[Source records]
↓↓↓

lemma power_comp_partials_bounded:
  fixes w :: complex and N :: nat and \<rho> M :: real
  defines "f \<equiv> \<lambda>z. z ^ N" and "f' \<equiv> \<lambda>z. of_nat N * z ^ (N - 1)"
    and "f'' \<equiv> \<lambda>z. of_nat N * of_nat (N - 1) * z ^ (N - 2)"
    and "R \<equiv> real N ^ 2 * \<rho> ^ N / \<rho> ^ 2"
  assumes "norm w \<le> \<rho>" "0 < \<rho>" "\<rho> \<le> 1" "1 \<le> N" "0 \<le> M"
    and "\<forall>u\<in>{ux, uy, uxx, uxy, uyx, uyy}. \<forall>v\<in>cball 0 \<rho>. \<bar>u v\<bar> \<le> M"
  shows "\<bar>comp_dx f f' ux uy w\<bar> \<le> 6 * R * M" "\<bar>comp_dy f f' ux uy w\<bar> \<le> 6 * R * M"
    "\<bar>comp_dx f f'' ux uy w + Re (f' w) * comp_dx f f' uxx uxy w + Im (f' w) * comp_dx f f' uyx uyy w\<bar> \<le> 6 * R * M"
    "\<bar>comp_dy f f'' ux uy w + Re (f' w) * comp_dy f f' uxx uxy w + Im (f' w) * comp_dy f f' uyx uyy w\<bar> \<le> 6 * R * M"
    "\<bar>comp_dy f f'' ux uy w + - Im (f' w) * comp_dx f f' uxx uxy w + Re (f' w) * comp_dx f f' uyx uyy w\<bar> \<le> 6 * R * M"
    "\<bar>- comp_dx f f'' ux uy w + - Im (f' w) * comp_dy f f' uxx uxy w + Re (f' w) * comp_dy f f' uyx uyy w\<bar> \<le> 6 * R * M"
proof -
  define p where "p = real N * \<rho> ^ N / \<rho>"
  note bounds = norm_power_derivatives_le[OF assms(5-7), of N]
  have "\<rho> ^ N \<le> \<rho>" using assms(6-8) by (metis power_decreasing power_one_right less_imp_le)
  then have "norm (f w) \<le> \<rho>" using bounds(1) by (simp add: f_def)
  then have u: "\<forall>u\<in>{ux, uy, uxx, uxy, uyx, uyy}. \<bar>u (f w)\<bar> \<le> M" using assms(10) by auto
  have "\<rho> ^ N * \<rho> ^ N \<le> \<rho> ^ N" using assms(6,7) by (simp add: mult_left_le power_le_one)
  then have pp: "p * p \<le> R"
    using assms(6) by (simp add: p_def R_def power2_eq_square field_simps mult_left_mono)
  have pR: "p \<le> R"
  proof -
    have "real N * \<rho> \<le> real N ^ 2" using assms(6-8) by (simp add: power2_eq_square mult_mono)
    from mult_right_mono[OF this, of "\<rho> ^ N"]
    have "real N * \<rho> ^ N * \<rho> \<le> real N ^ 2 * \<rho> ^ N" using assms(6) by (simp add: algebra_simps)
    then show ?thesis using assms(6) by (simp add: p_def R_def power2_eq_square field_simps)
  qed
  have f': "norm (f' w) \<le> p" and f'': "norm (f'' w) \<le> R"
    using bounds(2,3) by (simp_all add: f'_def f''_def p_def R_def)
  show "\<bar>comp_dx f f' ux uy w\<bar> \<le> 6 * R * M" "\<bar>comp_dy f f' ux uy w\<bar> \<le> 6 * R * M"
    "\<bar>comp_dx f f'' ux uy w + Re (f' w) * comp_dx f f' uxx uxy w + Im (f' w) * comp_dx f f' uyx uyy w\<bar> \<le> 6 * R * M"
    "\<bar>comp_dy f f'' ux uy w + Re (f' w) * comp_dy f f' uxx uxy w + Im (f' w) * comp_dy f f' uyx uyy w\<bar> \<le> 6 * R * M"
    "\<bar>comp_dy f f'' ux uy w + - Im (f' w) * comp_dx f f' uxx uxy w + Re (f' w) * comp_dx f f' uyx uyy w\<bar> \<le> 6 * R * M"
    "\<bar>- comp_dx f f'' ux uy w + - Im (f' w) * comp_dy f f' uxx uxy w + Re (f' w) * comp_dy f f' uyx uyy w\<bar> \<le> 6 * R * M"
    using comp_partials_bounded[of f' w p f'' R M ux uy uxx uxy uyx uyy f, OF f' f'' pp pR assms(9) u]
    by blast+
qed

lemma continuous_family_bounded:
  fixes U :: "('a::topological_space \<Rightarrow> real) set"
  assumes "finite U" "compact K" "\<forall>u\<in>U. continuous_on K u"
  shows "\<exists>M\<ge>0. \<forall>u\<in>U. \<forall>v\<in>K. \<bar>u v\<bar> \<le> M"
proof -
  have "continuous_on K (\<lambda>v. \<Sum>u\<in>U. \<bar>u v\<bar>)"
    using assms(3) by (intro continuous_intros) auto
  then obtain M where "0 \<le> M" and M: "\<And>v. v \<in> K \<Longrightarrow> norm (\<Sum>u\<in>U. \<bar>u v\<bar>) \<le> M"
    using continuous_on_compact_bound[OF assms(2)] by blast
  have "\<bar>u v\<bar> \<le> M" if "u \<in> U" "v \<in> K" for u v
    using member_le_sum[of u U "\<lambda>u. \<bar>u v\<bar>"] M[OF that(2)] that(1) assms(1) by simp
  with \<open>0 \<le> M\<close> show ?thesis by blast
qed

↑↑↑

→ What you should do
Reproduce each line of the records in which the string "lemma" appears.

→ Completed task
lemma power_comp_partials_bounded:
lemma continuous_family_bounded:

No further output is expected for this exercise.